Storytelling in a song is a bit of a lost art. Of course, every two-bit, burn-out artist is going to claim that their work “tells a story” but real third person character development with an inciting incident, climax, denouement etc. seems to be largely lost to the ages. McCartney set the benchmark for storytelling in rock music with an extensive collection of expository pieces from Eleanor Rigby to The Fool on the Hill, introducing characters and giving us a window into their lives. In more recent times, eccentric low-ender Les Claypool of Primus has littered his songs with his own cast of ne'er-do-wells and riff-raff chasing after far less noble pursuits than McCartney's brood. However, the musical biographer is far less common than the autobiographer. Rock n roll is, after all, a narcissist's game.

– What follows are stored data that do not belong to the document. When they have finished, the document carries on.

(* Let $G$ be a finite simple graph and $A\subseteq V(G)$. If for every $S\subseteq V(G)$ we have $o_{G[A]}(G-S)\leq |S|$, then there exists a matching in $G$ that saturates every vertex of $A$.
   Context: For $S\subseteq V(G)$, $o_{G[A]}(G-S)$ denotes the number of connected components of $G-S$ that have an odd number of vertices and are contained in the induced subgraph $G[A]$ (i.e. whose vertex sets are subsets of $A$). *)

theory Defs
  imports Main
begin

definition simple_graph :: "'a set \<Rightarrow> 'a set set \<Rightarrow> bool" where
  "simple_graph V E \<longleftrightarrow> finite V \<and> (\<forall>e\<in>E. e \<subseteq> V \<and> card e = 2)"

definition induced_edges :: "'a set set \<Rightarrow> 'a set \<Rightarrow> 'a set set" where
  "induced_edges E X = {e \<in> E. e \<subseteq> X}"

definition reach_in :: "'a set \<Rightarrow> 'a set set \<Rightarrow> 'a \<Rightarrow> 'a \<Rightarrow> bool" where
  "reach_in X E = (\<lambda>u v. u \<in> X \<and> v \<in> X \<and>
      (u, v) \<in> ({(x, y). {x, y} \<in> induced_edges E X})\<^sup>*)"

definition components :: "'a set \<Rightarrow> 'a set set \<Rightarrow> 'a set set" where
  "components X E = {{v. reach_in X E u v} | u. u \<in> X}"

text \<open>o_{G[A]}(G - S): number of odd components of G - S whose vertex set lies in A.\<close>
definition odd_comps_in :: "'a set \<Rightarrow> 'a set set \<Rightarrow> 'a set \<Rightarrow> 'a set \<Rightarrow> nat" where
  "odd_comps_in V E A S = card {C \<in> components (V - S) E. odd (card C) \<and> C \<subseteq> A}"

definition matching :: "'a set set \<Rightarrow> 'a set set \<Rightarrow> bool" where
  "matching E M \<longleftrightarrow> M \<subseteq> E \<and> (\<forall>e1\<in>M. \<forall>e2\<in>M. e1 \<noteq> e2 \<longrightarrow> e1 \<inter> e2 = {})"
(* Let $M(1)^+_m$ denote the weight-$m$ subspace of $M(1)^+$. Then $M(1)^+_{10}$ (which has dimension 22) is spanned by the vectors in $$L(-1)M(1)^+_9,\qquad L(-3)M(1)^+_7,\qquad (h(-1)^4\mathbf 1)_{-3}\,h(-1)^4\mathbf 1,\qquad L(-2)^5\mathbf 1.$$
   Context: Let $\mathfrak h=\mathbb C h$ with $\langle h,h\rangle=1$, Heisenberg algebra $[h(m),h(n)]=m\delta_{m+n,0}$. Let $M(1)=\mathbb C[h(-1),h(-2),\dots]\mathbf 1$ be the Heisenberg vertex operator algebra of central charge 1 (vacuum $\mathbf 1$, $Y(h(-1)\mathbf 1,z)=\sum_nh(n)z^{-n-1}$, $Y(h(-n_1)\cdots h(-n_k)\mathbf 1,z)={:}\partial_z^{(n_1-1)}h(z)\cdots\partial_z^{(n_k-1)}h(z){:}$), with conformal vector $\omega=\frac12h(-1)^2\mathbf 1$, $Y(\omega,z)=\sum_nL(n)z^{-n-2}$, and weight of $h(-n_1)\cdots h(-n_k)\mathbf 1$ equal to $\sum n_i$. For $u\in M(1)$, $Y(u,z)=\sum_nu_nz^{-n-1}$. Let $\theta$ act by $(-1)^k$ on monomials of length $k$ and $M(1)^+$ be its fixed-point subalgebra (spanned by monomials of even length). *)

theory Defs
  imports Complex_Main "HOL-Library.Multiset"
begin

text \<open>Model of the Heisenberg VOA M(1) = C[h(-1),h(-2),...]1 of central charge 1.
  A monomial h(-n_1)...h(-n_k)1 (all n_i >= 1) is the multiset {#n_1,...,n_k#};
  the vacuum is the empty multiset.\<close>

type_synonym mono = "nat multiset"
type_synonym vec = "mono \<Rightarrow> complex"

definition supp :: "vec \<Rightarrow> mono set" where
  "supp v = {a. v a \<noteq> 0}"

definition basis_vec :: "mono \<Rightarrow> vec" where
  "basis_vec a = (\<lambda>b. if b = a then 1 else 0)"

definition vacuum :: vec where
  "vacuum = basis_vec {#}"

definition wt :: "mono \<Rightarrow> nat" where
  "wt a = sum_mset a"

definition M1 :: "vec set" where
  "M1 = {v. finite (supp v) \<and> (\<forall>a \<in> supp v. 0 \<notin># a)}"

definition M1plus_wt :: "nat \<Rightarrow> vec set" where
  "M1plus_wt m = {v \<in> M1. \<forall>a \<in> supp v. wt a = m \<and> even (size a)}"
lemma sum_two_power_less:
  assumes "A \<subseteq> {..<q}"
  shows "(\<Sum>k\<in>A. (2::real) ^ k) < 2 ^ q"
proof -
  have "(\<Sum>k\<in>A. (2::nat) ^ k) \<le> (\<Sum>k\<in>{k. k < q}. 2 ^ k)"
    using assms by (intro sum_mono2) auto
  also have "\<dots> < 2 ^ q"
    unfolding mask_eq_sum_exp[symmetric] by simp
  finally have "real (\<Sum>k\<in>A. (2::nat) ^ k) < real (2 ^ q)"
    by (simp only: of_nat_less_iff)
  then show ?thesis
    by (simp only: of_nat_sum_two_power of_nat_power of_nat_numeral)
qed

lemma zero_in_msum_empty: "0 \<in> msum X {}"
  unfolding msum_def by simp

lemma msum_mono:
  assumes "finite \<sigma>" "\<tau> \<subseteq> \<sigma>" "\<And>i. i \<in> \<sigma> \<Longrightarrow> 0 \<in> X i"
  shows "msum X \<tau> \<subseteq> msum X \<sigma>"
proof
  fix y assume "y \<in> msum X \<tau>"
  then obtain x where x: "\<forall>i\<in>\<tau>. x i \<in> X i" "y = (\<Sum>i\<in>\<tau>. x i)"
    unfolding msum_def by auto
  define x' where "x' i = (if i \<in> \<tau> then x i else 0)" for i
  have "y = (\<Sum>i\<in>\<sigma>. x' i)"
    using x(2) assms(2) sum.inter_restrict[OF assms(1), of x \<tau>] by (simp add: x'_def Int_absorb1)
  moreover have "\<forall>i\<in>\<sigma>. x' i \<in> X i"
    using x(1) assms(3) by (simp add: x'_def)
  ultimately show "y \<in> msum X \<sigma>"
    unfolding msum_def by blast
qed

lemma msum_nonzero_summands:
  assumes "finite \<sigma>" "y \<in> msum X \<sigma>"
  obtains S x where "S \<subseteq> \<sigma>" "\<forall>i\<in>S. x i \<in> X i \<and> x i \<noteq> 0" "y = (\<Sum>i\<in>S. x i)"
proof -
  obtain x where x: "\<forall>i\<in>\<sigma>. x i \<in> X i" "y = (\<Sum>i\<in>\<sigma>. x i)"
    using assms(2) unfolding msum_def by auto
  let ?S = "{i\<in>\<sigma>. x i \<noteq> 0}"
  have "y = (\<Sum>i\<in>?S. x i)"
    using x(2) by (simp add: sum.mono_neutral_right[OF assms(1)])
  with x(1) show ?thesis
    using that[of ?S x] by blast
qed

locale binary_encoding =
  fixes N :: "nat set set" and code :: "nat set \<times> nat \<Rightarrow> nat" and Q :: nat
  assumes finite_family: "finite N"
    and finite_members: "\<And>\<tau>. \<tau> \<in> N \<Longrightarrow> finite \<tau>"
    and nonempty_members: "\<And>\<tau>. \<tau> \<in> N \<Longrightarrow> \<tau> \<noteq> {}"
    and code_inj: "inj_on code (SIGMA \<tau>:N. \<tau>)"
    and code_less: "code ` (SIGMA \<tau>:N. \<tau>) \<subseteq> {..<Q}"
begin

definition weight :: "nat set \<Rightarrow> real" where
  "weight \<tau> = (\<Sum>j\<in>\<tau>. 2 ^ code (\<tau>, j))"
(* A set $S\subseteq S_n$ is symmetric if and only if the set system $A(S)$ is harmonic.
   Context: $\mathrm{Des}(w)=\{i: w(i)>w(i+1)\}$; $F_{n,D}=\sum x_{i_1}\cdots x_{i_n}$ over $i_1\le\cdots\le i_n$ with $i_j<i_{j+1}$ whenever $j\in D$; $S\subseteq S_n$ is symmetric if $Q(S)=\sum_{w\in S}F_{n,\mathrm{Des}(w)}$ is a symmetric function. A set system is $H=(U,(A_1,\dots,A_m))$ with $A_i\subseteq U$ (ordered). For $I\subseteq[m]$, $H_I=\bigcap_{i\in I}A_i$ (equal to $U$ if $I=\emptyset$). The run decomposition of a finite set $I$ of positive integers is the partition given by the sizes, in nonincreasing order, of the maximal runs of consecutive integers in $I$. $H$ is harmonic if $|H_I|=|H_J|$ for all $I,J\subseteq[m]$ with the same run decomposition. For $S\subseteq S_n$, $A(S)=(S,(A_1,\dots,A_{n-1}))$ with $A_i=\{\pi\in S:\pi(i)>\pi(i+1)\}$. *)

theory Defs
  imports Main "HOL-Library.FuncSet" "HOL-Library.Multiset" "HOL-Combinatorics.Permutations"
begin

definition Des :: "nat \<Rightarrow> (nat \<Rightarrow> nat) \<Rightarrow> nat set" where
  "Des n w = {i \<in> {1..<n}. w i > w (Suc i)}"

text \<open>Formal power series in the countably many variables x_0, x_1, ... are
  represented by their coefficient functions on exponent vectors
  alpha :: nat => nat (the coefficient of the monomial prod_k x_k^(alpha k)).
  Coefficient of x^alpha in the fundamental quasisymmetric function F_{n,D}:
  the number of index sequences i_1 <= ... <= i_n, strict at positions in D,
  whose monomial x_{i_1}...x_{i_n} equals x^alpha.\<close>
definition F_coeff :: "nat \<Rightarrow> nat set \<Rightarrow> (nat \<Rightarrow> nat) \<Rightarrow> nat" where
  "F_coeff n D \<alpha> = card {i \<in> {1..n} \<rightarrow>\<^sub>E (UNIV :: nat set).
      (\<forall>j\<in>{1..<n}. i j \<le> i (Suc j)) \<and>
      (\<forall>j\<in>D. i j < i (Suc j)) \<and>
      (\<forall>k. \<alpha> k = card {j \<in> {1..n}. i j = k})}"

definition Q_coeff :: "nat \<Rightarrow> (nat \<Rightarrow> nat) set \<Rightarrow> (nat \<Rightarrow> nat) \<Rightarrow> nat" where
  "Q_coeff n S \<alpha> = (\<Sum>w\<in>S. F_coeff n (Des n w) \<alpha>)"
(* Suppose Assumptions (A3) and (A4) hold and $\delta\in\big(0,a(\alpha)^{1/(1+\alpha)}\big)$, where $a(\alpha)=\frac{4^{-\alpha}-e^{-(1+\alpha)\omega}}{2\sigma_1(\alpha)}$. Then $$\sup_{N\ge1}\sup_{n\ge1}E|X_n^{1,N}|^{1+\alpha}<\infty .$$
   Context: Setting. Fix integers $d,m\ge1$, a real $d\times d$ matrix $A$ with operator norm $\|A\|$, $\delta>0$, a Borel probability measure $\theta$ on $\mathbb{R}^m$, and a measurable $f:\mathbb{R}^d\times\mathcal{P}_1(\mathbb{R}^d)\times\mathbb{R}^m\to\mathbb{R}^d$. $\mathcal{P}_1(\mathbb{R}^d)$: Borel probability measures on $\mathbb{R}^d$ with finite first moment, with the Wasserstein-1 distance $\mathcal{W}_1(\mu,\nu)=\inf E|X-Y|$ over couplings. Particle system: for each $N\ge1$, $\{X_0^{i,N}\}_{i=1}^N$ are exchangeable, each with law $\mu_0\in\mathcal{P}_1(\mathbb{R}^d)$; $\{\epsilon_n^i\}_{i,n\ge1}$ i.i.d. with law $\theta$, independent of the initial conditions; $X_{n+1}^{i,N}=AX_n^{i,N}+\delta f(X_n^{i,N},\mu_n^N,\epsilon_{n+1}^i)$, $\mu_n^N=\frac1N\sum_{i=1}^N\delta_{X_n^{i,N}}$. $D(z):=\sup\frac{|f(x_1,\mu_1,z)-f(x_2,\mu_2,z)|}{|x_1-x_2|+\mathcal{W}_1(\mu_1,\mu_2)}$ (supremum over $(x_1,\mu_1)\neq(x_2,\mu_2)$), $D_1(z):=|f(0,\delta_0,z)|$. (A3): $\|A\|\le e^{-\omega}$ for some $\omega>0$. (A4): for some $\alpha>0$, $\int|x|^{1+\alpha}\mu_0(dx)<\infty$, $\sigma_1(\alpha):=\int D^{1+\alpha}d\theta<\infty$, $\int D_1^{1+\alpha}d\theta<\infty$. *)

theory Defs
  imports "HOL-Probability.Probability"
begin

definition P1 :: "'a::euclidean_space measure set" where
  "P1 = {\<mu>. prob_space \<mu> \<and> sets \<mu> = sets borel \<and> (\<integral>\<^sup>+x. ennreal (norm x) \<partial>\<mu>) < \<infinity>}"

definition coupling :: "'a::euclidean_space measure \<Rightarrow> 'a measure \<Rightarrow> ('a \<times> 'a) measure \<Rightarrow> bool" where
  "coupling \<mu> \<nu> \<pi> \<longleftrightarrow> prob_space \<pi> \<and> sets \<pi> = sets (borel \<Otimes>\<^sub>M borel)
     \<and> distr \<pi> borel fst = \<mu> \<and> distr \<pi> borel snd = \<nu>"

definition W1 :: "'a::euclidean_space measure \<Rightarrow> 'a measure \<Rightarrow> ennreal" where
  "W1 \<mu> \<nu> = (INF \<pi> \<in> {\<pi>. coupling \<mu> \<nu> \<pi>}. \<integral>\<^sup>+p. ennreal (dist (fst p) (snd p)) \<partial>\<pi>)"

definition emp :: "nat \<Rightarrow> (nat \<Rightarrow> 'a::euclidean_space) \<Rightarrow> 'a measure" where
  "emp N x = measure_of (space borel) (sets borel)
      (\<lambda>B. ennreal (real (card {i\<in>{1..N}. x i \<in> B}) / real N))"

definition ennpow :: "ennreal \<Rightarrow> real \<Rightarrow> ennreal" where
  "ennpow x p = (if x = \<top> then \<top> else ennreal (enn2real x powr p))"

definition Dlip :: "('a::euclidean_space \<Rightarrow> 'a measure \<Rightarrow> 'b \<Rightarrow> 'a) \<Rightarrow> 'b \<Rightarrow> ennreal" where
  "Dlip f z = (SUP q \<in> {((x1,\<mu>1),(x2,\<mu>2)). \<mu>1 \<in> P1 \<and> \<mu>2 \<in> P1 \<and> (x1,\<mu>1) \<noteq> (x2,\<mu>2)}.
      (case q of ((x1,\<mu>1),(x2,\<mu>2)) \<Rightarrow>
         ennreal (norm (f x1 \<mu>1 z - f x2 \<mu>2 z)) / (ennreal (dist x1 x2) + W1 \<mu>1 \<mu>2)))"

definition D1 :: "('a::euclidean_space \<Rightarrow> 'a measure \<Rightarrow> 'b \<Rightarrow> 'a) \<Rightarrow> 'b \<Rightarrow> real" where
  "D1 f z = norm (f 0 (return borel 0) z)"

text \<open>The interacting particle system: particle N n i \<omega> = X_n^{i,N}(\<omega>).\<close>
fun particle :: "real^'d::finite^'d \<Rightarrow> real \<Rightarrow> (real^'d \<Rightarrow> (real^'d) measure \<Rightarrow> 'b \<Rightarrow> real^'d)
    \<Rightarrow> (nat \<Rightarrow> nat \<Rightarrow> 'w \<Rightarrow> real^'d) \<Rightarrow> (nat \<Rightarrow> nat \<Rightarrow> 'w \<Rightarrow> 'b)
    \<Rightarrow> nat \<Rightarrow> nat \<Rightarrow> nat \<Rightarrow> 'w \<Rightarrow> real^'d" where
  "particle A \<delta> f X0 eps N 0 i \<omega> = X0 N i \<omega>"
| "particle A \<delta> f X0 eps N (Suc n) i \<omega> =
     A *v particle A \<delta> f X0 eps N n i \<omega>
     + \<delta> *\<^sub>R f (particle A \<delta> f X0 eps N n i \<omega>)
                 (emp N (\<lambda>j. particle A \<delta> f X0 eps N n j \<omega>)) (eps i (Suc n) \<omega>)"

end

theory Submission
  imports Defs
begin

text \<open>Write p = 1 + \<alpha>. One step of the dynamics gives
  |X_{n+1}^i| \<le> e^{-\<omega>} |X_n^i| + \<delta> |f(X_n^i, \<mu>_n^N, \<epsilon>) - f(0, \<delta>_0, \<epsilon>)| + \<delta> D_1(\<epsilon>).
  The noise \<epsilon> = \<epsilon>_{n+1}^i is independent of the configuration at time n, so the middle term
  can be integrated against \<theta> with the configuration frozen; there the Lipschitz constant D,
  the coupling bound W_1(\<mu>_n^N, \<delta>_0) \<le> mean_j |X_n^j| and Jensen's inequality bound its p-th
  moment by 2^\<alpha> \<sigma>_1 (E|X_n^i|^p + mean_j E|X_n^j|^p). Splitting the p-th power of the three terms
  by convexity with weights l_1, l_2, l_3 gives a linear recursion for the moments whose
  contraction factor is below 1 under the smallness condition on \<delta>; hence all moments stay
  below the larger of the initial moment and the fixed point of the recursion, uniformly in
  N and n.\<close>

lemma convex_on_powr_nonneg:
  assumes p: "p \<ge> 1"
  shows "convex_on {0..} (\<lambda>x::real. x powr p)"
proof (rule convex_onI)
  fix t x y :: real
  assume t: "0 < t" "t < 1" and xy: "x \<in> {0..}" "y \<in> {0..}"
  have powr_le_self: "s powr p \<le> s" if "0 \<le> s" "s \<le> 1" for s :: real
  proof (cases "s = 0")
    case False
    then have "s powr p \<le> s powr 1"
      using that p by (intro powr_mono') auto
    then show ?thesis using that by simp
  qed (use p in simp)
  show "((1 - t) *\<^sub>R x + t *\<^sub>R y) powr p \<le> (1 - t) * x powr p + t * y powr p"
  proof (cases "x = 0 \<or> y = 0")
    case False
    then have "x \<in> {0<..}" "y \<in> {0<..}" using xy by auto
    then show ?thesis using convex_onD[OF powr_convex[OF p]] t by simp
  next
    case True
    then show ?thesis
    proof
      assume "x = 0"
      have "(t * y) powr p = t powr p * y powr p" using t xy by (simp add: powr_mult)
      also have "\<dots> \<le> t * y powr p" using powr_le_self[of t] t by (intro mult_right_mono) auto
      finally show ?thesis using \<open>x = 0\<close> by simp
    next
      assume "y = 0"
      have "((1 - t) * x) powr p = (1 - t) powr p * x powr p" using t xy by (simp add: powr_mult)
      also have "\<dots> \<le> (1 - t) * x powr p" using powr_le_self[of "1 - t"] t by (intro mult_right_mono) auto
      finally show ?thesis using \<open>y = 0\<close> by simp
    qed
  qed
qed (simp add: convex_real_interval)

lemma powr_weighted_mean_le:
  fixes w t :: "'i \<Rightarrow> real"
  assumes "p \<ge> 1" "finite S" "S \<noteq> {}" "\<And>i. i \<in> S \<Longrightarrow> w i \<ge> 0" "sum w S = 1"
    "\<And>i. i \<in> S \<Longrightarrow> t i \<ge> 0"
  shows "(\<Sum>i\<in>S. w i * t i) powr p \<le> (\<Sum>i\<in>S. w i * t i powr p)"
  using convex_on_sum[OF assms(2,3) convex_on_powr_nonneg[OF assms(1)], of w t] assms by auto

lemma powr_mean_le_mean_powr:
  fixes x :: "nat \<Rightarrow> real"
  assumes "p \<ge> 1" "N \<ge> 1" "\<And>k. x k \<ge> 0"
  shows "((\<Sum>k\<in>{1..N}. x k) / N) powr p \<le> (\<Sum>k\<in>{1..N}. x k powr p) / N"
  using powr_weighted_mean_le[of p "{1..N}" "\<lambda>_. 1 / N" x] assms
  by (simp add: sum_divide_distrib)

On their latest album Weakened at the Asylum, Midwest Soul Xchange chronicle the fictional lives of several intertwined characters as they navigate the tribulations of the Flint MI water crisis. The duo draws great inspiration from the pillars of classic rock concept albums with foundational piano, harmonized guitar leads and dense vocal arrangements. Nate Cherrier and Ryan Summers pull you into this tale of tragedy and perseverance by putting the narration front and centre. Even though the level of composition is impressive enough to be appreciated on its own, it only serves the telling of the stories.

In true Broadway musical fashion, the tale embarks with an overture and a scene-setting monologue. Dramatic verbed-out piano, grand drum fills and harmonizing guitar leads set the scene for a classic seventies style rock opera. As if an actor was stepping to his mark centre stage, the band makes way for an expository speech outlining the noir plot behind the tale of intrigue and betrayal.

Each movement of the piece has its own character. 'Fifteen Parts' has a sideshow carny feel, introducing its cast of characters. 'The Loser Illusion's sauntering indie vibe is bolstered by dreamy backing vocals over earnestly strummed guitar. McCartney's influence is on full display during 'Molehill Mountain', the piano plodding ditty that harkens back to Paul's sing-songy White Album contributions as well as Ringo's 'Don't Pass Me By'. The album concludes with 'Trilogy' a series of vignettes with a down-home Americana flair. The finishing medley also alludes to expository Beatles classics.

We are undoubtedly living in an age of singles (if not 15 second Instagram stories). Attention spans are at an all-time low. In the midst of this, Weakened at the Asylum begs for multiple listens in order to connect the dots of all the intertwining storylines in this tale of a blue-collar American town. If you give it time and multiple listens, this album will reward you with a narrative that goes beyond the simple flyby stories of the day.